Instructions to follow —
In the material below, find the line containing "then show ?thesis using assms True F" and the line containing "r i * r j)) w", then reproduce exactly both of them and every line between, and nothing else.

Data to use —
(* octDist is 0 also for unreachable pairs (LEAST of an empty set), hence the path. *)
lemma octDist_pos:
  assumes "p 0 = u" "p k = v" "\<forall>i<k. octAdj n (p i) (p (Suc i))" and "u \<noteq> v"
  shows "1 \<le> octDist n u v"
proof -
  have "\<exists>q. q 0 = u \<and> q (octDist n u v) = v \<and> (\<forall>i<octDist n u v. octAdj n (q i) (q (Suc i)))"
    unfolding octDist_def by (rule LeastI[of _ k]) (use assms in blast)
  then show ?thesis using \<open>u \<noteq> v\<close> by (cases "octDist n u v") auto
qed

locale octahedral_grid =
  fixes n m :: nat and w :: "nat \<Rightarrow> nat \<Rightarrow> vtx"
  assumes inj: "inj_on (\<lambda>(i, j). w i j) ({..m} \<times> {..m})"
    and mem: "\<And>i j. i \<le> m \<Longrightarrow> j \<le> m \<Longrightarrow> w i j \<in> octV n"
    and near_Suc_fst: "\<And>i j. i < m \<Longrightarrow> j \<le> m \<Longrightarrow> near (w i j) (w (Suc i) j)"
    and near_Suc_snd: "\<And>i j. i \<le> m \<Longrightarrow> j < m \<Longrightarrow> near (w i j) (w i (Suc j))"
begin

lemma w_neq:
  assumes "i \<le> m" "j \<le> m" "i' \<le> m" "j' \<le> m" "(i, j) \<noteq> (i', j')"
  shows "w i j \<noteq> w i' j'"
  using inj_onD[OF inj, of "(i, j)" "(i', j')"] assms by auto

lemma path_to_grid_point:
  assumes "i \<le> m" "j \<le> m"
  obtains p where "p 0 = w 0 0" "p (i + j) = w i j" "\<forall>t<i+j. octAdj n (p t) (p (Suc t))"
proof -
  define p where "p t = (if t \<le> i then w t 0 else w i (t - i))" for t
  have "octAdj n (p t) (p (Suc t))" if "t < i + j" for t
  proof (cases "t < i")
    case True
    then show ?thesis using assms w_neq[of t 0 "Suc t" 0] unfolding octAdj_iff_near
      by (auto simp: p_def intro!: mem near_Suc_fst)
  next
    case False
    then have "p t = w i (t - i)" "p (Suc t) = w i (Suc (t - i))"
      by (auto simp: p_def Suc_diff_le)
    then show ?thesis using assms that w_neq[of i "t - i" i "Suc (t - i)"] unfolding octAdj_iff_near
      by (auto intro!: mem near_Suc_snd)
  qed
  moreover have "p 0 = w 0 0" "p (i + j) = w i j" by (auto simp: p_def)
  ultimately show thesis using that by blast
qed

lemma octDist_le:
  assumes "i \<le> m" "j \<le> m"
  shows "octDist n (w 0 0) (w i j) \<le> i + j"
proof -
  obtain p where "p 0 = w 0 0" "p (i + j) = w i j" "\<forall>t<i+j. octAdj n (p t) (p (Suc t))"
    using path_to_grid_point[OF assms] .
  then show ?thesis by (rule octDist_le_path)
qed

lemma octDist_ge_1:
  assumes "i \<le> m" "j \<le> m" "(i, j) \<noteq> (0, 0)"
  shows "1 \<le> octDist n (w 0 0) (w i j)"
proof -
  obtain p where "p 0 = w 0 0" "p (i + j) = w i j" "\<forall>t<i+j. octAdj n (p t) (p (Suc t))"
    using path_to_grid_point[OF assms(1,2)] .
  moreover have "w 0 0 \<noteq> w i j" using assms by (intro w_neq) auto
  ultimately show ?thesis by (rule octDist_pos)
qed

lemma ln_le_normaliser_sum_corner:
  "ln (real m + 1) / 4 \<le> (\<Sum>v\<in>octV n - {w 0 0}. 1 / real (octDist n (w 0 0) v)^2)"
proof -
  define T where "T = Sigma {1..m} (\<lambda>i. {..<i})"
  let ?f = "\<lambda>v. 1 / real (octDist n (w 0 0) v)^2"
  have inj_T: "inj_on (\<lambda>(i, j). w i j) T"
    by (rule inj_on_subset[OF inj]) (auto simp: T_def)
  have "(\<lambda>(i, j). w i j) ` T \<subseteq> octV n - {w 0 0}"
  proof (rule image_subsetI)
    fix t assume "t \<in> T"
    then obtain i j where t: "t = (i, j)" "1 \<le> i" "i \<le> m" "j < i" by (auto simp: T_def)
    then show "(case t of (i, j) \<Rightarrow> w i j) \<in> octV n - {w 0 0}"
      using w_neq[of 0 0 i j] by (auto intro: mem)
  qed
  then have "(\<Sum>v\<in>(\<lambda>(i, j). w i j) ` T. ?f v) \<le> (\<Sum>v\<in>octV n - {w 0 0}. ?f v)"
    by (rule sum_mono2[rotated]) (auto simp: finite_octV)
  moreover have "(\<Sum>v\<in>(\<lambda>(i, j). w i j) ` T. ?f v) = (\<Sum>(i, j)\<in>T. ?f (w i j))"
    by (subst sum.reindex[OF inj_T]) (simp add: case_prod_unfold)
  moreover have "1 / (4 * real i^2) \<le> ?f (w i j)" if "(i, j) \<in> T" for i j
  proof -
    have ij: "1 \<le> i" "i \<le> m" "j < i" using that by (auto simp: T_def)
    have "1 \<le> real (octDist n (w 0 0) (w i j))" "real (octDist n (w 0 0) (w i j)) \<le> 2 * real i"
      using octDist_ge_1[of i j] octDist_le[of i j] ij by auto
    then have "real (octDist n (w 0 0) (w i j))^2 \<le> (2 * real i)^2" by (intro power_mono) auto
    then have "1 / (2 * real i)^2 \<le> ?f (w i j)"
      using \<open>1 \<le> real (octDist n (w 0 0) (w i j))\<close> by (intro frac_le) auto
    then show ?thesis by (simp add: power_mult_distrib)
  qed
  then have "(\<Sum>(i, j)\<in>T. 1 / (4 * real i^2)) \<le> (\<Sum>(i, j)\<in>T. ?f (w i j))"
    by (intro sum_mono) auto
  moreover have "(\<Sum>(i, j)\<in>T. 1 / (4 * real i^2)) = (\<Sum>i=1..m. \<Sum>j<i. 1 / (4 * real i^2))"
    unfolding T_def by (rule sum.Sigma[symmetric]) auto
  moreover have "\<dots> = harm m / 4"
    unfolding harm_def sum_divide_distrib by (intro sum.cong refl) (simp add: power2_eq_square field_simps)
  moreover have "ln (real m + 1) \<le> harm m" by (rule ln_le_harm)
  ultimately show ?thesis by linarith
qed
lemma rot_class_edge: "d < m \<Longrightarrow> rot m k ` class_edge m 0 d = class_edge m k d"
proof -
  assume d: "d < m"
  have "((2*m - d) mod (2*m) + k) mod (2*m) = ((2*m - d) + k) mod (2*m)" by (rule mod_add_left_eq)
  moreover have "(2*m-d)+k = k + 2*m - d" using d by simp
  ultimately have 1: "rot m k ((0 + 2*m - d) mod (2*m)) = (k + 2*m - d) mod (2*m)"
    unfolding rot_def by simp
  have "((0 + 1 + d) mod (2*m) + k) mod (2*m) = ((0 + 1 + d) + k) mod (2*m)" by (rule mod_add_left_eq)
  then have 2: "rot m k ((0 + 1 + d) mod (2*m)) = (k + 1 + d) mod (2*m)"
    unfolding rot_def by (simp add: add.commute add.left_commute)
  show ?thesis unfolding class_edge_def using 1 2 by simp
qed

lemma class_edge0_inj: "inj_on (class_edge m 0) {..<m}"
proof (rule inj_onI)
  fix d d' assume h: "d \<in> {..<m}" "d' \<in> {..<m}" "class_edge m 0 d = class_edge m 0 d'"
  have "d + 1 \<in> class_edge m 0 d" using h(1) class_edge0[of d m] by auto
  then have "d + 1 \<in> class_edge m 0 d'" using h(3) by simp
  then show "d = d'" using h(1,2) class_edge0[of d' m] by (cases "d' = 0") auto
qed

text \<open>The parallel class of 0 consists of {0, 1} and the nested edges {2m-d, d+1}; it is an SPM,
  and so is every parallel class, being a rotation of it.\<close>

lemma class_edge0_disjoint:
  assumes "d < m" "d' < m" "d \<noteq> d'"
  shows "edges_disjoint (class_edge m 0 d) (class_edge m 0 d')"
proof -
  have i: "class_edge m 0 d \<inter> class_edge m 0 d' = {}"
  proof (cases "d = 0")
    case True then show ?thesis using assms class_edge0[of d m] class_edge0[of d' m] by auto
  next
    case False then show ?thesis using assms class_edge0[of d m] class_edge0[of d' m] by (cases "d' = 0") auto
  qed
  have nc: "\<not> edges_cross (class_edge m 0 d) (class_edge m 0 d')"
  proof (cases "d = 0")
    case True
    have "\<not> edges_cross {0, 1} {2*m-d', d'+1}"
    proof (rule not_edges_cross)
      show "(0::nat) \<noteq> 1" "2*m-d' \<noteq> d'+1" using assms by arith+
      show "strictly_between 0 1 (2*m-d') = strictly_between 0 1 (d'+1)"
        unfolding strictly_between_def by simp
    qed
    then show ?thesis using assms True class_edge0[of d m] class_edge0[of d' m] by simp
  next
    case False
    note F = this
    show ?thesis
    proof (cases "d' = 0")
      case True
      have "\<not> edges_cross {2*m-d, d+1} {0, 1}"
      proof (rule not_edges_cross)
        show "(0::nat) \<noteq> 1" "2*m-d \<noteq> d+1" using assms by arith+
        show "strictly_between (2*m-d) (d+1) 0 = strictly_between (2*m-d) (d+1) 1"
          unfolding strictly_between_def using F assms by (simp add: min_def max_def)
      qed
      then show ?thesis using assms True F class_edge0[of d m] class_edge0[of d' m] by simp
    next
      case False
      have "\<not> edges_cross {2*m-d, d+1} {2*m-d', d'+1}"
      proof (rule not_edges_cross)
        show "2*m-d \<noteq> d+1" "2*m-d' \<noteq> d'+1" using assms by arith+
        show "strictly_between (2*m-d) (d+1) (2*m-d') = strictly_between (2*m-d) (d+1) (d'+1)"
          unfolding strictly_between_def using assms by (simp add: min_def max_def) arith
      qed
      then show ?thesis using assms F False class_edge0[of d m] class_edge0[of d' m] by simp
    qed
  qed
  show ?thesis using i nc by (simp add: edges_disjoint_def)
qed

lemma par_class0_SPM:
  assumes "0 < m" shows "is_SPM m (par_class m 0)"
proof -
  have "card (par_class m 0) = m" unfolding par_class_def using card_image[OF class_edge0_inj] by simp
  moreover have "par_class m 0 \<subseteq> ck_edges m" unfolding par_class_def using class_edge_ck by auto
  ultimately show ?thesis unfolding is_SPM_def par_class_def using class_edge0_disjoint by auto
qed
lemma psd_mat_kron:
  fixes P :: "'a::finite \<Rightarrow> 'a \<Rightarrow> real" and Q :: "'b::finite \<Rightarrow> 'b \<Rightarrow> real"
  assumes "psd_mat P" "psd_mat Q" "sym_mat Q"
  shows "psd_mat (kron P Q)"
proof -
  obtain rs where Q: "Q = (\<lambda>i j. \<Sum>r\<leftarrow>rs. r i * r j)"
    using psd_mat_gram[OF assms(3,2)] .
  have "quad_form (kron P (\<lambda>i j. \<Sum>r\<leftarrow>rs. r i * r j)) w
      = (\<Sum>r\<leftarrow>rs. quad_form P (\<lambda>i. \<Sum>j\<in>UNIV. w (i, j) * r j))" for w
  proof (induction rs)
    case Nil
    then show ?case by (simp add: quad_form_def kron_def)
  next
    case (Cons r rs)
    have "kron P (\<lambda>i j. \<Sum>r\<leftarrow>r # rs. r i * r j)
        = (\<lambda>p q. kron P (\<lambda>i j. r i * r j) p q + kron P (\<lambda>i j. \<Sum>r\<leftarrow>rs. r i * r j) p q)"
      by (simp add: kron_def algebra_simps)
    then show ?case by (simp add: quad_form_add quad_form_kron_rank_one Cons)
  qed
  then show ?thesis
    unfolding Q psd_mat_def using assms(1) by (auto simp: psd_mat_def intro!: sum_list_nonneg)
qed

lemma sum_sq_le_quad_form_kron:
  fixes X :: "'a::finite \<Rightarrow> 'a \<Rightarrow> real" and Y :: "'b::finite \<Rightarrow> 'b \<Rightarrow> real"
  assumes X: "psd_mat (\<lambda>i j. X i j - 1)" and Y: "psd_mat (\<lambda>i j. Y i j - 1)" and "sym_mat Y"
  shows "(\<Sum>p\<in>UNIV. v p)\<^sup>2 \<le> quad_form (kron X Y) v"
proof -
  let ?J = "\<lambda>(_ :: 'a) (_ :: 'a). 1 :: real"
  have "sym_mat (\<lambda>i j. Y i j - 1)" using \<open>sym_mat Y\<close> by (simp add: sym_mat_def)
  have "quad_form Y w = quad_form (\<lambda>i j. Y i j - 1) w + quad_form (\<lambda>_ _. 1) w" for w
    using quad_form_add[of "\<lambda>i j. Y i j - 1" "\<lambda>_ _. 1" w] by simp
  then have "psd_mat Y" using Y psd_mat_ones unfolding psd_mat_def by (metis add_nonneg_nonneg)
  have "kron X Y = (\<lambda>p q. kron (\<lambda>i j. X i j - 1) Y p q
                           + kron ?J (\<lambda>i j. Y i j - 1) p q + 1)"
    by (simp add: kron_def fun_eq_iff algebra_simps)
  then have "quad_form (kron X Y) v = quad_form (kron (\<lambda>i j. X i j - 1) Y) v
      + quad_form (kron ?J (\<lambda>i j. Y i j - 1)) v + (\<Sum>p\<in>UNIV. v p)\<^sup>2"
    by (simp only: quad_form_add quad_form_ones)
  moreover have "0 \<le> quad_form (kron (\<lambda>i j. X i j - 1) Y) v"
    using psd_mat_kron[OF X \<open>psd_mat Y\<close> \<open>sym_mat Y\<close>] by (simp add: psd_mat_def)
  moreover have "0 \<le> quad_form (kron ?J (\<lambda>i j. Y i j - 1)) v"
    using psd_mat_kron[OF psd_mat_ones[where 'a = 'a] Y \<open>sym_mat (\<lambda>i j. Y i j - 1)\<close>] by (simp add: psd_mat_def)
  ultimately show ?thesis by linarith
qed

Solution to this exercise —
      then show ?thesis using assms True F class_edge0[of d m] class_edge0[of d' m] by simp
    next
      case False
      have "\<not> edges_cross {2*m-d, d+1} {2*m-d', d'+1}"
      proof (rule not_edges_cross)
        show "2*m-d \<noteq> d+1" "2*m-d' \<noteq> d'+1" using assms by arith+
        show "strictly_between (2*m-d) (d+1) (2*m-d') = strictly_between (2*m-d) (d+1) (d'+1)"
          unfolding strictly_between_def using assms by (simp add: min_def max_def) arith
      qed
      then show ?thesis using assms F False class_edge0[of d m] class_edge0[of d' m] by simp
    qed
  qed
  show ?thesis using i nc by (simp add: edges_disjoint_def)
qed

lemma par_class0_SPM:
  assumes "0 < m" shows "is_SPM m (par_class m 0)"
proof -
  have "card (par_class m 0) = m" unfolding par_class_def using card_image[OF class_edge0_inj] by simp
  moreover have "par_class m 0 \<subseteq> ck_edges m" unfolding par_class_def using class_edge_ck by auto
  ultimately show ?thesis unfolding is_SPM_def par_class_def using class_edge0_disjoint by auto
qed
lemma psd_mat_kron:
  fixes P :: "'a::finite \<Rightarrow> 'a \<Rightarrow> real" and Q :: "'b::finite \<Rightarrow> 'b \<Rightarrow> real"
  assumes "psd_mat P" "psd_mat Q" "sym_mat Q"
  shows "psd_mat (kron P Q)"
proof -
  obtain rs where Q: "Q = (\<lambda>i j. \<Sum>r\<leftarrow>rs. r i * r j)"
    using psd_mat_gram[OF assms(3,2)] .
  have "quad_form (kron P (\<lambda>i j. \<Sum>r\<leftarrow>rs. r i * r j)) w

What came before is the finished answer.